Detailed Description

Complete technical specification and implementation details from the patent document.

This application is a Continuation Application of U.S. patent application Ser. No. 18/810, 731, filed on Aug. 21, 2024, which claims priority to Korean Patent Application No. 10-2023-0110112, filed on Aug. 22, 2023, and Korean Patent Application No. 10-2024-0104439, filed on Aug. 6, 2024, the entire contents of which are incorporated herein for all purposes by this reference.

Various exemplary embodiments of the present disclosure relate to a method for providing a neural network model that predicts whether heart disease may occur in a patient in the future and, more specifically, to a technology of evaluating and predicting the risk of arrhythmia including atrial fibrillation and other heart diseases on the basis of electrocardiogram data by utilizing a deep learning model.

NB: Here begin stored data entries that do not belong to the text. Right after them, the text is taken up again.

(* Let $\mu$ be a probability measure on $\mathbb{R}^d$, $\nu=\sum_{i=1}^M w_i\delta_{y_i}$ with $w_i>0$, $\sum_iw_i=1$, $w_{\min}=\min_iw_i$, and $c:\mathbb{R}^d\times\mathbb{R}^d\to[0,\infty)$ a cost. Assume the semi-dual objective $H$ admits a minimizer, and let $K$ be a compact set with $\mu(K)\ge1-\frac12 w_{\min}$, with associated projection set $\mathcal C$, and let $\mathbf g^*\in\mathcal C$ be a minimizer of $H$. Run PSGD with step sizes $\gamma_k=\gamma_1/k^{b}$, where $b=1/2$ and $\gamma_1=\mathrm{Diam}(\mathcal C)/(2\sqrt2)$. Then for every $n\ge1$, $$\mathbb{E}\big[H(\bar{\mathbf g}_n)-H(\mathbf g^* )\big]\le \frac{4\sqrt2\,\mathrm{Diam}(\mathcal C)}{\sqrt n}.$$
   Context: For $\mathbf g\in\mathbb{R}^M$: $\mathbf g^c(x)=\min_i\{c(x,y_i)-g_i\}$; Laguerre cells $\mathbb L_j(\mathbf g)=\{x:\mathbf g^c(x)=c(x,y_j)-g_j\}$; $h(\mathbf g,x)=-\mathbf g^c(x)-\sum_jw_jg_j$; $H(\mathbf g)=\mathbb{E}_{X\sim\mu}[h(\mathbf g,X)]$. Projection set: $\|c\|_{K,\infty}=\sup_{x\in K,j}|c(x,y_j)|$, $\mathcal C=\{\mathbf g\in\mathbb{R}^M:|g_j|\le\|c\|_{K,\infty}\ \forall j\}$, $\mathrm{Proj}_{\mathcal C}$ the Euclidean projection onto $\mathcal C$, and $\mathrm{Diam}(\mathcal C)$ its Euclidean diameter. PSGD: given $\gamma_1>0$, $b$, i.i.d. samples $X_1,X_2,\dots\sim\mu$, start from $\mathbf g_0\in\mathcal C$ and for $k\ge1$ set $\mathbf g_k=\mathrm{Proj}_{\mathcal C}\big(\mathbf g_{k-1}-\gamma_k\,\partial_{\mathbf g}h(\mathbf g_{k-1},X_k)\big)$, $\gamma_k=\gamma_1k^{-b}$, where $\partial_{\mathbf g}h(\mathbf g,x)_j=\mathbf 1_{x\in\mathbb L_j(\mathbf g)}-w_j$ (a point lying in several cells is assigned to one of them by a fixed rule); the averaged iterate is $\bar{\mathbf g}_n=\frac1{n+1}\sum_{k=0}^n\mathbf g_k$. *)

theory Defs
  imports "HOL-Probability.Probability"
begin

text \<open>Semi-discrete OT. Target points are indexed by a finite type 'm (so M = CARD('m)),
  dual vectors g live in real^'m (Euclidean space R^M).\<close>

definition c_transform :: "('a \<Rightarrow> 'a \<Rightarrow> real) \<Rightarrow> ('m::finite \<Rightarrow> 'a) \<Rightarrow> real^'m \<Rightarrow> 'a \<Rightarrow> real" where
  "c_transform c y g x = Min ((\<lambda>i. c x (y i) - g $ i) ` UNIV)"

definition laguerre_cell :: "('a \<Rightarrow> 'a \<Rightarrow> real) \<Rightarrow> ('m::finite \<Rightarrow> 'a) \<Rightarrow> real^'m \<Rightarrow> 'm \<Rightarrow> 'a set" where
  "laguerre_cell c y g j = {x. c_transform c y g x = c x (y j) - g $ j}"

definition h_fun :: "('a \<Rightarrow> 'a \<Rightarrow> real) \<Rightarrow> ('m::finite \<Rightarrow> 'a) \<Rightarrow> real^'m \<Rightarrow> real^'m \<Rightarrow> 'a \<Rightarrow> real" where
  "h_fun c y w g x = - c_transform c y g x - (\<Sum>j\<in>UNIV. w $ j * g $ j)"

definition H_fun :: "'a measure \<Rightarrow> ('a \<Rightarrow> 'a \<Rightarrow> real) \<Rightarrow> ('m::finite \<Rightarrow> 'a) \<Rightarrow> real^'m \<Rightarrow> real^'m \<Rightarrow> real" where
  "H_fun mu c y w g = (\<integral>x. h_fun c y w g x \<partial>mu)"

definition cost_sup :: "('a \<Rightarrow> 'a \<Rightarrow> real) \<Rightarrow> ('m::finite \<Rightarrow> 'a) \<Rightarrow> 'a set \<Rightarrow> real" where
  "cost_sup c y K = (SUP p \<in> K \<times> (UNIV::'m set). \<bar>c (fst p) (y (snd p))\<bar>)"

definition proj_set :: "('a \<Rightarrow> 'a \<Rightarrow> real) \<Rightarrow> ('m::finite \<Rightarrow> 'a) \<Rightarrow> 'a set \<Rightarrow> (real^'m) set" where
  "proj_set c y K = {g. \<forall>j. \<bar>g $ j\<bar> \<le> cost_sup c y K}"

text \<open>Stochastic subgradient; assign g x is the (fixed-rule) chosen cell index of x.\<close>
definition sgrad :: "(real^'m \<Rightarrow> 'a \<Rightarrow> 'm::finite) \<Rightarrow> real^'m \<Rightarrow> real^'m \<Rightarrow> 'a \<Rightarrow> real^'m" where
  "sgrad assign w g x = (\<chi> j. (if assign g x = j then 1 else 0) - w $ j)"

text \<open>PSGD iterates g_k driven by the sample sequence xs (xs k = X_k, k >= 1),
  step gamma_k = gamma1 * k powr (-b).\<close>
primrec psgd :: "(real^'m \<Rightarrow> 'a \<Rightarrow> 'm::finite) \<Rightarrow> real^'m \<Rightarrow> (real^'m) set \<Rightarrow> real^'m
    \<Rightarrow> real \<Rightarrow> real \<Rightarrow> (nat \<Rightarrow> 'a) \<Rightarrow> nat \<Rightarrow> real^'m" where
  "psgd assign w C g0 gamma1 b xs 0 = g0"
| "psgd assign w C g0 gamma1 b xs (Suc k) =
     closest_point C (psgd assign w C g0 gamma1 b xs k
       - (gamma1 * real (Suc k) powr (- b)) *\<^sub>R sgrad assign w (psgd assign w C g0 gamma1 b xs k) (xs (Suc k)))"

definition psgd_avg :: "(real^'m \<Rightarrow> 'a \<Rightarrow> 'm::finite) \<Rightarrow> real^'m \<Rightarrow> (real^'m) set \<Rightarrow> real^'m
    \<Rightarrow> real \<Rightarrow> real \<Rightarrow> (nat \<Rightarrow> 'a) \<Rightarrow> nat \<Rightarrow> real^'m" where
  "psgd_avg assign w C g0 gamma1 b xs n =
     (1 / real (n + 1)) *\<^sub>R (\<Sum>k\<in>{0..n}. psgd assign w C g0 gamma1 b xs k)"

end

theory Submission
  imports Defs
begin

(* For each x, the map g |-> h(g, x) is convex, and e_j - w is a subgradient of it at g whenever x
   lies in the Laguerre cell L_j(g); as w is a probability vector, these subgradients have norm at
   most sqrt 2. Let s_k be the subgradient used in the step from g_k to g_(k+1) and D = Diam C.
   Since the projection onto C is nonexpansive, the squared distances |g_k - gstar|^2 telescope and
   give the deterministic regret bound
     sum_(k<N) <s_k, g_k - gstar> <= (D^2 / (2 gamma_1) + 2 gamma_1) sqrt N = (3/2) sqrt 2 D sqrt N.
   The iterate g_k depends only on X_1, ..., X_k, hence is independent of X_(k+1), so that
   E[H(g_k) - H(gstar)] = E[h(g_k, X_(k+1)) - h(gstar, X_(k+1))] <= E <s_k, g_k - gstar>. Jensen's
   inequality for the convex H turns this into the bound 2 sqrt 2 D / sqrt (n + 1) for the average
   of g_0, ..., g_n. *)

section \<open>The semi-dual integrand\<close>

lemma c_transform_le: "c_transform c y g x \<le> c x (y j) - g $ j"
  unfolding c_transform_def by (rule Min_le) auto

lemma ex_laguerre_cell: "\<exists>j. x \<in> laguerre_cell c y g j"
proof -
  have "c_transform c y g x \<in> (\<lambda>i. c x (y i) - g $ i) ` UNIV"
    unfolding c_transform_def by (rule Min_in) auto
  then show ?thesis by (auto simp: laguerre_cell_def)
qed

lemma h_fun_eq: "h_fun c y w g x = - c_transform c y g x - w \<bullet> g"
  by (simp add: h_fun_def inner_vec_def)

lemma h_fun_subgradient:
  assumes "x \<in> laguerre_cell c y g j"
  shows "h_fun c y w g x + (axis j 1 - w) \<bullet> (g' - g) \<le> h_fun c y w g' x"
  using assms c_transform_le[of c y g' x j]
  by (simp add: h_fun_eq laguerre_cell_def inner_diff_left inner_diff_right inner_axis')

lemma sgrad_eq_axis: "sgrad assign w g x = axis (assign g x) 1 - w"
  by (simp add: sgrad_def vec_eq_iff axis_def)

lemma convex_on_h_fun:
  fixes w :: "real^'m::finite"
  shows "convex_on UNIV (\<lambda>g. h_fun c y w g x)"
proof (rule convex_onI)
  fix t :: real and a b :: "real^'m"
  assume t: "0 < t" "t < 1"
  define z where "z = (1 - t) *\<^sub>R a + t *\<^sub>R b"
  obtain j where "x \<in> laguerre_cell c y z j"
    using ex_laguerre_cell[of x c y z] by blast
  then have "h_fun c y w z x + (axis j 1 - w) \<bullet> (a - z) \<le> h_fun c y w a x"
    and "h_fun c y w z x + (axis j 1 - w) \<bullet> (b - z) \<le> h_fun c y w b x"
    by (auto intro: h_fun_subgradient)
  with t have "(1 - t) * (h_fun c y w z x + (axis j 1 - w) \<bullet> (a - z))
      + t * (h_fun c y w z x + (axis j 1 - w) \<bullet> (b - z))
      \<le> (1 - t) * h_fun c y w a x + t * h_fun c y w b x"
    by (intro add_mono mult_left_mono) auto
  moreover have "(1 - t) *\<^sub>R (a - z) + t *\<^sub>R (b - z) = 0"
    by (simp add: z_def algebra_simps)
  then have "(1 - t) * ((axis j 1 - w) \<bullet> (a - z)) + t * ((axis j 1 - w) \<bullet> (b - z)) = 0"
    by (metis inner_add_right inner_scaleR_right inner_zero_right)
  ultimately show "h_fun c y w z x \<le> (1 - t) * h_fun c y w a x + t * h_fun c y w b x"
    by (simp add: algebra_simps)
qed simp
lemma sum_card_curve_points:
  assumes "n > 0" "d > 0" "odd n \<or> odd d"
  shows "(\<Sum>f \<in> sqfree_monic_polys R n. card (curve_points R d f)) =
    card (carrier R) * card (sqfree_monic_polys R n)"
proof -
  have "card (curve_points R d f) = (\<Sum>x \<in> carrier R. card {y \<in> carrier R. y [^] d = eval f x})" for f
  proof -
    have "curve_points R d f = Sigma (carrier R) (\<lambda>x. {y \<in> carrier R. y [^] d = eval f x})"
      unfolding curve_points_def by auto
    then show ?thesis by (simp add: card_SigmaI finite_carrier)
  qed
  then have "(\<Sum>f \<in> sqfree_monic_polys R n. card (curve_points R d f)) =
      (\<Sum>x \<in> carrier R. \<Sum>f \<in> sqfree_monic_polys R n. card {y \<in> carrier R. y [^] d = eval f x})"
    by (simp add: sum.swap[of _ _ "carrier R"])
  also have "\<dots> = (\<Sum>x \<in> carrier R. \<Sum>y \<in> carrier R. sqfree_value_count R n x (y [^] d))"
    unfolding sqfree_value_count_def
    by (intro sum.cong refl, subst sum_card_filter_swap[OF finite_sqfree_monic_polys finite_carrier])
      (simp add: eq_commute)
  also have "\<dots> = (\<Sum>x \<in> carrier R. \<Sum>y \<in> carrier R. sqfree_value_count R n x y)"
    using sqfree_value_count_pow[OF _ _ assms] by simp
  also have "\<dots> = card (carrier R) * card (sqfree_monic_polys R n)"
    by (simp add: sum_sqfree_value_count)
  finally show ?thesis .
qed

end

theorem corollary1p3:
  fixes n d :: nat
  assumes "n > 0" and "d > 0" and "odd n \<or> odd d"
  shows "\<exists>S :: nat set. finite S \<and>
           (\<forall>p. Factorial_Ring.prime p \<and> p \<notin> S \<longrightarrow>
              (\<forall>(F :: nat ring) k. field F \<and> k > 0 \<and> card (carrier F) = p ^ k \<longrightarrow>
                 (\<Sum>f \<in> Conf F n. real (card (curve_points F d f))) / real (card (Conf F n))
                   = real (card (carrier F))))"
proof (intro exI[of _ "{}"] conjI allI impI)
  show "finite ({} :: nat set)" by simp
next
  fix p :: nat and F :: "nat ring" and k :: nat
  assume "Factorial_Ring.prime p \<and> p \<notin> {}" and F: "field F \<and> k > 0 \<and> card (carrier F) = p ^ k"
  then have "card (carrier F) > 0" using prime_gt_0_nat by simp
  then have "finite (carrier F)" by (rule card_ge_0_finite)
  then interpret F: finite_field F
    using F by (intro finite_field.intro finite_field_axioms.intro) auto
  have Conf: "Conf F n = sqfree_monic_polys F n" using Conf_eq_sqfree_monic_polys[OF assms(1)] .
  have "(\<Sum>f \<in> Conf F n. real (card (curve_points F d f))) =
      real (card (carrier F)) * real (card (Conf F n))"
    using F.sum_card_curve_points[OF assms] unfolding Conf by (simp flip: of_nat_sum of_nat_mult)
  then show "(\<Sum>f \<in> Conf F n. real (card (curve_points F d f))) / real (card (Conf F n)) =
      real (card (carrier F))"
    using F.card_sqfree_monic_polys_pos[OF assms(1)] unfolding Conf by simp
qed

end
lemma C0_props: "tern_str t C0" "differ1 C C0" "C0 \<noteq> C"
  using h0 r_le_t tC by (auto simp: C0_def tern_str_nbr differ1_nbr nbr_neq)

lemma nbr_C_props:
  assumes "h < 2 * m" "h \<noteq> h0"
  shows "nbr C h \<noteq> C0" "nbr C h \<noteq> C" "tern_str t (nbr C h)" "differ1 C (nbr C h)"
    "nbr_index C (nbr C h) = h"
proof -
  have ht: "h < 2 * t" using assms m_le_r r_le_t by auto
  show "nbr C h \<noteq> C0" using nbr_inj[OF tC ht] h0 r_le_t assms(2) by (auto simp: C0_def)
  show "nbr C h \<noteq> C" "tern_str t (nbr C h)" "differ1 C (nbr C h)" "nbr_index C (nbr C h) = h"
    using ht tC by (simp_all add: nbr_neq tern_str_nbr differ1_nbr nbr_index_nbr)
qed

lemma detour_path:
  assumes h: "h < 2 * m" "h \<noteq> h0"
  shows "e3c_path r s t (A, B, C, 2) (A', B', C, 0) (detour h) \<and> path_len (detour h) \<le> r + s + 7"
proof
  have hr: "h < 2 * r" using h m_le_r by simp
  note X = nbr_A_props[OF hr h(2)] and Z = nbr_C_props[OF h]
  have lX: "length (nbr A h) = length A'" using length_eqs by simp
  show "e3c_path r s t (A, B, C, 2) (A', B', C, 0) (detour h)"
  proof (rule e3c_pathI)
    show "detour h \<noteq> []" "hd (detour h) = (A, B, C, 2)" "last (detour h) = (A', B', C, 0)"
      by (simp_all add: detour_def)
    show "distinct (detour h)"
      using X(2,3) Z(2) AA' BB' distinct_geodesic[OF length_eqs(2)] distinct_geodesic[OF lX]
      by (auto simp: detour_def distinct_map inj_on_def)
    show "set (detour h) \<subseteq> e3c_verts r s t"
      using X(4) Z(3) tA tA' tB tB' tC tern_str_geodesic[OF tB tB'] tern_str_geodesic[OF X(4) tA']
      by (auto simp: detour_def)
    show "successively (e3c_adj r s t) (detour h)"
      using X(4,5) Z(3,4) tA tA' tB tB' tC successively_e3c_adj_geodesic_1[OF X(4) tB tB' tC]
        successively_e3c_adj_geodesic_2[OF X(4) tA' tB' Z(3)]
      by (simp add: detour_def successively_append_iff successively_Cons hd_append hd_map last_map
          length_eqs lX e3c_adj_digit e3c_adj_2 e3c_adj_0 differ1_commute)
  qed
  show "path_len (detour h) \<le> r + s + 7"
    using length_geodesics(2) length_geodesic_le[OF X(4) tA'] by (simp add: detour_def path_len_def)
qed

Electrocardiogram (ECG) data has been widely used as an important tool for diagnosing heart conditions by recording the electrical activity of the heart. Conventional multi-lead electrocardiographs have played a key role in diagnosing arrhythmias, especially heart diseases such as atrial fibrillation by detecting abnormalities in the heart's rhythm and electrical conduction. Arrhythmias, including atrial fibrillation, are common diseases characterized by irregular or abnormal heartbeats and are often asymptomatic or have mild symptoms so that it is difficult to detect without proper examination. When left untreated, such arrhythmia can lead to serious health complications such as stroke, cardiac failure, and sudden cardiac death and, particularly, atrial fibrillation is one of the important types of arrhythmia because it is associated with an increased risk of stroke and cardiac failure. Therefore, it is very important to early detect and intervene atrial fibrillation and arrhythmia for effectively managing these diseases.

Meanwhile, existing electrocardiograms are mainly focused on diagnosis, and there are limitations in predicting or stratifying the risk of future heart disease. This is because existing electrocardiogram analysis methods mainly rely on statistical analysis. Statistical methodologies do not sufficiently reflect nonlinear and complex patterns, and have difficulty in precisely evaluating the heart condition of each patient and the risk of various arrhythmias.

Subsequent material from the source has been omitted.